» TASK TO CARRY OUT: For this exercise, return exactly the lines of the material below that begin at the one with "type ((nat \<times>" and stop after the one with "Poly_Mapping.lookup p m'".

+++ PROVIDED DATA +++

(* Let $A$ be a commutative ring, $r\ge1$, $B=A[x_1,\dots,x_r]$, let $k\ge1$ and $\alpha\in\mathbb{N}^r\setminus\{0\}$ with $\gcd(\alpha)$ invertible in $A$, and let $n\ge k|\alpha|$. If $a\in A$ satisfies $a\,\gamma^k(x^\alpha)\times\gamma^{n-k}(1)\in\Gamma^n_A(B)_{<k\alpha}$, then $a=0$.
   Context: $\Gamma^n_A(B)$ is identified with $\mathrm{TS}^n_A(B)=(B^{\otimes_A n})^{\mathfrak S_n}$ (componentwise multiplication). For a monomial $f$ and $0\le k\le n$, $\gamma^k(f)\times\gamma^{n-k}(1)=\sum_{S\subseteq\{1..n\},|S|=k}\bigotimes_{j}f_j$ with $f_j=f$ for $j\in S$ and $f_j=1$ otherwise. $B^{\otimes n}$ is $\mathbb{N}^r$-graded by giving $x^{\beta_1}\otimes\dots\otimes x^{\beta_n}$ multidegree $\beta_1+\dots+\beta_n$. $\beta<\gamma$ means $\beta\le\gamma$ componentwise and $\beta\ne\gamma$; $\Gamma^n_A(B)_{<\gamma}$ is the $A$-subalgebra generated by homogeneous elements of multidegree $<\gamma$. $|\alpha|=\sum\alpha_i$. *)

theory Defs
  imports Main "HOL-Library.Poly_Mapping" "HOL-Combinatorics.Permutations"
begin

(* Model of B^{\<otimes>_A n} for B = A[x_1..x_r]: the polynomial ring over A in the
variables x_{j,i} (j < n the tensor factor, i < r the variable), i.e. elements of
type ((nat \<times> nat) \<Rightarrow>\<^sub>0 nat) \<Rightarrow>\<^sub>0 'a whose monomials only involve
variables (j,i) with j < n, i < r.  Componentwise multiplication of tensors is
polynomial multiplication (convolution).  Indices are 0-based.*)

type_synonym 'a tens = "((nat \<times> nat) \<Rightarrow>\<^sub>0 nat) \<Rightarrow>\<^sub>0 'a"

definition tensor_space :: "nat \<Rightarrow> nat \<Rightarrow> ('a::comm_ring_1) tens set" where
  "tensor_space r n = {p :: 'a tens. \<forall>m \<in> Poly_Mapping.keys p. Poly_Mapping.keys m \<subseteq> ({..<n} \<times> {..<r})}"

definition symmetric_tensor :: "nat \<Rightarrow> ('a::comm_ring_1) tens \<Rightarrow> bool" where
  "symmetric_tensor n p \<longleftrightarrow>
     (\<forall>\<sigma> (m::(nat \<times> nat) \<Rightarrow>\<^sub>0 nat) (m'::(nat \<times> nat) \<Rightarrow>\<^sub>0 nat). \<sigma> permutes {..<n} \<and> (\<forall>j i. Poly_Mapping.lookup m' (j,i) = Poly_Mapping.lookup m (\<sigma> j, i))
        \<longrightarrow> Poly_Mapping.lookup p m' = Poly_Mapping.lookup p m)"

(* TS^n_A(B) = (B^{\<otimes> n})^{S_n}, identified with \<Gamma>^n_A(B).*)
definition TS :: "nat \<Rightarrow> nat \<Rightarrow> ('a::comm_ring_1) tens set" where
  "TS r n = {p \<in> tensor_space r n. symmetric_tensor n p}"

definition mdeg :: "nat \<Rightarrow> ((nat \<times> nat) \<Rightarrow>\<^sub>0 nat) \<Rightarrow> nat \<Rightarrow> nat" where
  "mdeg n m = (\<lambda>i. \<Sum>j<n. Poly_Mapping.lookup m (j,i))"

definition homogeneous :: "nat \<Rightarrow> ('a::comm_ring_1) tens \<Rightarrow> (nat \<Rightarrow> nat) \<Rightarrow> bool" where
  "homogeneous n p \<delta> \<longleftrightarrow> (\<forall>m \<in> Poly_Mapping.keys p. mdeg n m = \<delta>)"

definition mdeg_less :: "nat \<Rightarrow> (nat \<Rightarrow> nat) \<Rightarrow> (nat \<Rightarrow> nat) \<Rightarrow> bool" where
  "mdeg_less r \<delta> \<gamma> \<longleftrightarrow> (\<forall>i<r. \<delta> i \<le> \<gamma> i) \<and> (\<exists>i<r. \<delta> i \<noteq> \<gamma> i)"

definition const_tens :: "'a::comm_ring_1 \<Rightarrow> 'a tens" where
  "const_tens c = Poly_Mapping.single 0 c"

inductive_set Gamma_less :: "nat \<Rightarrow> nat \<Rightarrow> (nat \<Rightarrow> nat) \<Rightarrow> ('a::comm_ring_1) tens set"
  for r n \<gamma> where
  gen: "\<lbrakk>p \<in> TS r n; homogeneous n p \<delta>; mdeg_less r \<delta> \<gamma>\<rbrakk> \<Longrightarrow> p \<in> Gamma_less r n \<gamma>"
| const: "const_tens c \<in> Gamma_less r n \<gamma>"
| add: "\<lbrakk>p \<in> Gamma_less r n \<gamma>; q \<in> Gamma_less r n \<gamma>\<rbrakk> \<Longrightarrow> p + q \<in> Gamma_less r n \<gamma>"
| mult: "\<lbrakk>p \<in> Gamma_less r n \<gamma>; q \<in> Gamma_less r n \<gamma>\<rbrakk> \<Longrightarrow> p * q \<in> Gamma_less r n \<gamma>"

(* Exponent of the monomial whose j-th tensor factor is x^\<alpha> for j \<in> S and 1 otherwise.*)
definition mon_on :: "nat \<Rightarrow> nat set \<Rightarrow> (nat \<Rightarrow> nat) \<Rightarrow> ((nat \<times> nat) \<Rightarrow>\<^sub>0 nat)" where
  "mon_on r S \<alpha> = (\<Sum>j\<in>S. \<Sum>i<r. Poly_Mapping.single (j,i) (\<alpha> i))"

(* \<gamma>^k(x^\<alpha>) \<times> \<gamma>^{n-k}(1) = sum over k-subsets S of {1..n}.*)
definition gamma_prod :: "nat \<Rightarrow> nat \<Rightarrow> nat \<Rightarrow> (nat \<Rightarrow> nat) \<Rightarrow> ('a::comm_ring_1) tens" where
  "gamma_prod r n k \<alpha> =
     (\<Sum>S \<in> {S. S \<subseteq> {..<n} \<and> card S = k}. Poly_Mapping.single (mon_on r S \<alpha>) 1)"

end

theory Submission
  imports Defs "HOL-Library.Disjoint_Sets"
begin

text \<open>Fix a multidegree \<open>D \<noteq> 0\<close> with \<open>|D| \<le> n\<close> and a variable index \<open>i\<close>. Let \<open>\<phi>\<close> be the
  linear form on \<open>B\<^sup>\<otimes>\<^sup>n\<close> sending a monomial of multidegree \<open>D\<close> whose nontrivial tensor factors
  are exactly the first \<open>L\<close> ones to \<open>(-1)^(L+1)\<close> times the exponent of \<open>x\<^sub>i\<close> in its first
  factor, and every other monomial to \<open>0\<close>. On symmetric tensors \<open>\<phi>(pq) = p(0) \<phi>(q) + q(0) \<phi>(p)\<close>:
  the cross terms cancel in pairs under an involution that splits a shared factor or merges two
  adjacent ones, changing \<open>L\<close> by one, while symmetry keeps the coefficients equal; the bound
  \<open>|D| \<le> n\<close> leaves room for the extra factor. Hence \<open>\<phi>\<close> vanishes on the subalgebra generated
  in multidegrees \<open>< k\<alpha>\<close>. On \<open>\<gamma>\<^sup>k(x\<^sup>\<alpha>) \<times> \<gamma>\<^sup>n\<^sup>-\<^sup>k(1)\<close> only \<open>x\<^sup>\<alpha> \<otimes> \<dots> \<otimes> x\<^sup>\<alpha> \<otimes> 1 \<otimes> \<dots> \<otimes> 1\<close>
  contributes, with value \<open>\<plusminus>\<alpha>\<^sub>i\<close>. So \<open>a \<alpha>\<^sub>i = 0\<close> for every \<open>i\<close>, hence \<open>a gcd(\<alpha>) = 0\<close> and
  \<open>a = 0\<close>.\<close>

section \<open>Permuting tensor factors\<close>

type_synonym monom = "(nat \<times> nat) \<Rightarrow>\<^sub>0 nat"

+++

» SOLUTION:
type ((nat \<times> nat) \<Rightarrow>\<^sub>0 nat) \<Rightarrow>\<^sub>0 'a whose monomials only involve
variables (j,i) with j < n, i < r.  Componentwise multiplication of tensors is
polynomial multiplication (convolution).  Indices are 0-based.*)

type_synonym 'a tens = "((nat \<times> nat) \<Rightarrow>\<^sub>0 nat) \<Rightarrow>\<^sub>0 'a"

definition tensor_space :: "nat \<Rightarrow> nat \<Rightarrow> ('a::comm_ring_1) tens set" where
  "tensor_space r n = {p :: 'a tens. \<forall>m \<in> Poly_Mapping.keys p. Poly_Mapping.keys m \<subseteq> ({..<n} \<times> {..<r})}"

definition symmetric_tensor :: "nat \<Rightarrow> ('a::comm_ring_1) tens \<Rightarrow> bool" where
  "symmetric_tensor n p \<longleftrightarrow>
     (\<forall>\<sigma> (m::(nat \<times> nat) \<Rightarrow>\<^sub>0 nat) (m'::(nat \<times> nat) \<Rightarrow>\<^sub>0 nat). \<sigma> permutes {..<n} \<and> (\<forall>j i. Poly_Mapping.lookup m' (j,i) = Poly_Mapping.lookup m (\<sigma> j, i))
        \<longrightarrow> Poly_Mapping.lookup p m' = Poly_Mapping.lookup p m)"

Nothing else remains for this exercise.